++++ Recorded information ++++
lemma cube_diff_inv_cube_coeff_low:
  "k < M \<Longrightarrow> cube_diff (Suc M) inv_cube_coeff (int k) = triangular (Suc k)"
  unfolding cube_diff_def triangular_def by (simp add: inv_cube_coeff_eq inv_cube_coeff_neg field_simps)

lemma cube_diff_inv_cube_coeff_middle:
  "i < Suc M \<Longrightarrow> cube_diff (Suc M) inv_cube_coeff (int (M + i)) =
    middle_coeff (Suc M) (2 * of_nat i - of_nat (Suc M) + 1)"
  unfolding cube_diff_def middle_coeff_def
  by (simp add: inv_cube_coeff_eq inv_cube_coeff_neg field_simps power2_eq_square)

lemma cube_diff_inv_cube_coeff_high:
  "j < Suc M \<Longrightarrow> cube_diff (Suc M) inv_cube_coeff (int (M + Suc M + j)) = triangular (M - j)"
  unfolding cube_diff_def triangular_def
  by (simp add: inv_cube_coeff_eq inv_cube_coeff_neg field_simps of_nat_diff)

lemma sum_power_coeff_geom_sum_cube:
  fixes N r :: nat
  assumes "r \<ge> 1" and "N > 0"
  defines "P \<equiv> (\<Sum>k<N. monom 1 k) ^ 3 :: int poly"
  shows "(\<Sum>k\<le>degree P. of_int (coeff P k) ^ r) =
    2 * (\<Sum>j<N. triangular j ^ r) + centered_sum (\<lambda>y. middle_coeff N y ^ r) N"
proof -
  obtain M where N: "N = Suc M"
    using \<open>N > 0\<close> gr0_conv_Suc by blast
  let ?c = "\<lambda>k. cube_diff (Suc M) inv_cube_coeff (int k)"
  have coeff_P: "of_int (coeff P k) = ?c k" for k
    using icoeff_geom_sum_cube[of N "int k"] by (simp add: P_def icoeff_def N)
  have "degree (\<Sum>k<N. monom (1::int) k) \<le> M"
    unfolding N by (intro degree_sum_le) (auto intro: order.trans[OF degree_monom_le])
  then have "degree P \<le> M * 3"
    unfolding P_def using degree_power_le order.trans mult_le_mono1 by blast
  have "(\<Sum>k\<le>degree P. of_int (coeff P k) ^ r) = (\<Sum>k\<le>degree P. ?c k ^ r)"
    by (simp add: coeff_P)
  also have "\<dots> = (\<Sum>k<M + Suc M + Suc M. ?c k ^ r)"
  proof (rule sum.mono_neutral_left)
    show "{..degree P} \<subseteq> {..<M + Suc M + Suc M}"
      using \<open>degree P \<le> M * 3\<close> by auto
    show "\<forall>k\<in>{..<M + Suc M + Suc M} - {..degree P}. ?c k ^ r = 0"
      using \<open>r \<ge> 1\<close> by (auto simp: coeff_P[symmetric] coeff_eq_0)
  qed simp
  also have "\<dots> = (\<Sum>k<M. ?c k ^ r) + (\<Sum>i<Suc M. ?c (M + i) ^ r) + (\<Sum>j<Suc M. ?c (M + Suc M + j) ^ r)"
    by (simp only: sum_lessThan_add)
  also have "(\<Sum>k<M. ?c k ^ r) = (\<Sum>k<M. triangular (Suc k) ^ r)"
    by (simp add: cube_diff_inv_cube_coeff_low)
  also have "\<dots> = (\<Sum>j<Suc M. triangular j ^ r)"
    using \<open>r \<ge> 1\<close> by (simp add: sum.lessThan_Suc_shift triangular_def del: sum.lessThan_Suc)
  also have "(\<Sum>i<Suc M. ?c (M + i) ^ r) = centered_sum (\<lambda>y. middle_coeff N y ^ r) N"
    unfolding centered_sum_def N
    by (intro sum.cong refl) (simp only: lessThan_iff cube_diff_inv_cube_coeff_middle)
  also have "(\<Sum>j<Suc M. ?c (M + Suc M + j) ^ r) = (\<Sum>j<Suc M. triangular (M - j) ^ r)"
    by (intro sum.cong refl) (simp only: lessThan_iff cube_diff_inv_cube_coeff_high)
  also have "\<dots> = (\<Sum>j<Suc M. triangular j ^ r)"
    using sum.nat_diff_reindex[of "\<lambda>j. triangular j ^ r" "Suc M"] by simp
  finally show ?thesis
    by (simp add: N)
qed

section \<open>The power sums\<close>

lemma odd_poly_seq_sum_triangular_power: "odd_poly_seq r (\<lambda>N. 2 * (\<Sum>j<N. triangular j ^ r))"
proof -
  define P :: "rat poly" where "P = [:-1/8, 0, 1/8:] ^ r"
  have P_eq: "poly P y = ((y ^ 2 - 1) / 8) ^ r" for y
    by (simp add: P_def poly_power power2_eq_square field_simps)
  have "degree P \<le> 2 * r"
    unfolding P_def using degree_power_le[of "[:-1/8, 0, 1/8:] :: rat poly" r] by simp
  then have "odd_poly_seq r (centered_sum (poly P))"
    by (intro odd_poly_seq_centered_sum) (simp_all add: P_eq)
  then have "odd_poly_seq r (\<lambda>N. centered_sum (poly P) (2 * N))"
    by (rule odd_poly_seq_double)
  moreover have "centered_sum (poly P) (2 * N) = 2 * (\<Sum>j<N. triangular j ^ r)" for N
  proof -
    have tri: "((2 * of_nat j + 1) ^ 2 - 1) / 8 = triangular j" for j
      by (simp add: triangular_def power2_eq_square field_simps)
    then have tri_neg: "((- (2 * of_nat j + 1)) ^ 2 - 1) / 8 = triangular j" for j
      by (simp only: power2_minus)
    have "centered_sum (poly P) (2 * N) = (\<Sum>j<N. triangular j ^ r + triangular j ^ r)"
      by (simp only: centered_sum_double P_eq tri tri_neg)
    then show ?thesis
      by (simp only: mult_2 sum.distrib)
  qed
  ultimately show ?thesis
    by simp
qed

lemma odd_poly_seq_centered_sum_middle_coeff_power:
  "odd_poly_seq r (\<lambda>N. centered_sum (\<lambda>y. middle_coeff N y ^ r) N)"
proof -
  define E :: "nat \<Rightarrow> rat poly" where "E k = [:1/4, 0, 3/4:] ^ k" for k
  have E_eq: "poly (E k) x = ((3 * x ^ 2 + 1) / 4) ^ k" for k x
    by (simp add: E_def poly_power power2_eq_square field_simps)
  have degree_E: "degree (E k) \<le> 2 * k" for k
    unfolding E_def using degree_power_le[of "[:1/4, 0, 3/4:] :: rat poly" k] by simp
  have even_powers: "odd_poly_seq (r - k) (centered_sum (\<lambda>y::rat. y ^ (2 * (r - k))))" for k
  proof -
    have "odd_poly_seq (r - k) (centered_sum (poly (monom (1::rat) (2 * (r - k)))))"
      by (rule odd_poly_seq_centered_sum) (simp_all add: poly_monom degree_monom_eq)
    moreover have "poly (monom 1 (2 * (r - k))) = (\<lambda>y::rat. y ^ (2 * (r - k)))"
      by (simp add: poly_monom fun_eq_iff)
    ultimately show ?thesis
      by simp
  qed
  define B where "B k N = poly (E k) (of_nat N) *
      (of_nat (r choose k) * (- 1/4) ^ (r - k) * centered_sum (\<lambda>y::rat. y ^ (2 * (r - k))) N)" for k N
  have "odd_poly_seq r (B k)" if "k \<le> r" for k
  proof -
    have "odd_poly_seq (k + (r - k)) (B k)"
      unfolding B_def
      by (intro odd_poly_seq_mult_even_poly degree_E odd_poly_seq_cmult even_powers) (simp add: E_eq)
    with that show ?thesis
      by simp
  qed
  then have "odd_poly_seq r (\<lambda>N. \<Sum>k\<le>r. B k N)"
    by (intro odd_poly_seq_sum) auto
  moreover have "centered_sum (\<lambda>y. middle_coeff N y ^ r) N = (\<Sum>k\<le>r. B k N)" for N
  proof -
    have middle_coeff_split: "middle_coeff N y = (3 * of_nat N ^ 2 + 1) / 4 + (- 1/4) * y ^ 2" for y
      by (simp add: middle_coeff_def field_simps)
    show ?thesis
      unfolding middle_coeff_split centered_sum_binomial B_def E_eq ..
  qed
  ultimately show ?thesis
    by simp
qed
++++
### Exercise
All that is wanted is a faithful reproduction of the line above with "fixes N r :: nat", the line with "using icoeff_geom_sum_cube[of N", and every line in between.

### Response below
  fixes N r :: nat
  assumes "r \<ge> 1" and "N > 0"
  defines "P \<equiv> (\<Sum>k<N. monom 1 k) ^ 3 :: int poly"
  shows "(\<Sum>k\<le>degree P. of_int (coeff P k) ^ r) =
    2 * (\<Sum>j<N. triangular j ^ r) + centered_sum (\<lambda>y. middle_coeff N y ^ r) N"
proof -
  obtain M where N: "N = Suc M"
    using \<open>N > 0\<close> gr0_conv_Suc by blast
  let ?c = "\<lambda>k. cube_diff (Suc M) inv_cube_coeff (int k)"
  have coeff_P: "of_int (coeff P k) = ?c k" for k
    using icoeff_geom_sum_cube[of N "int k"] by (simp add: P_def icoeff_def N)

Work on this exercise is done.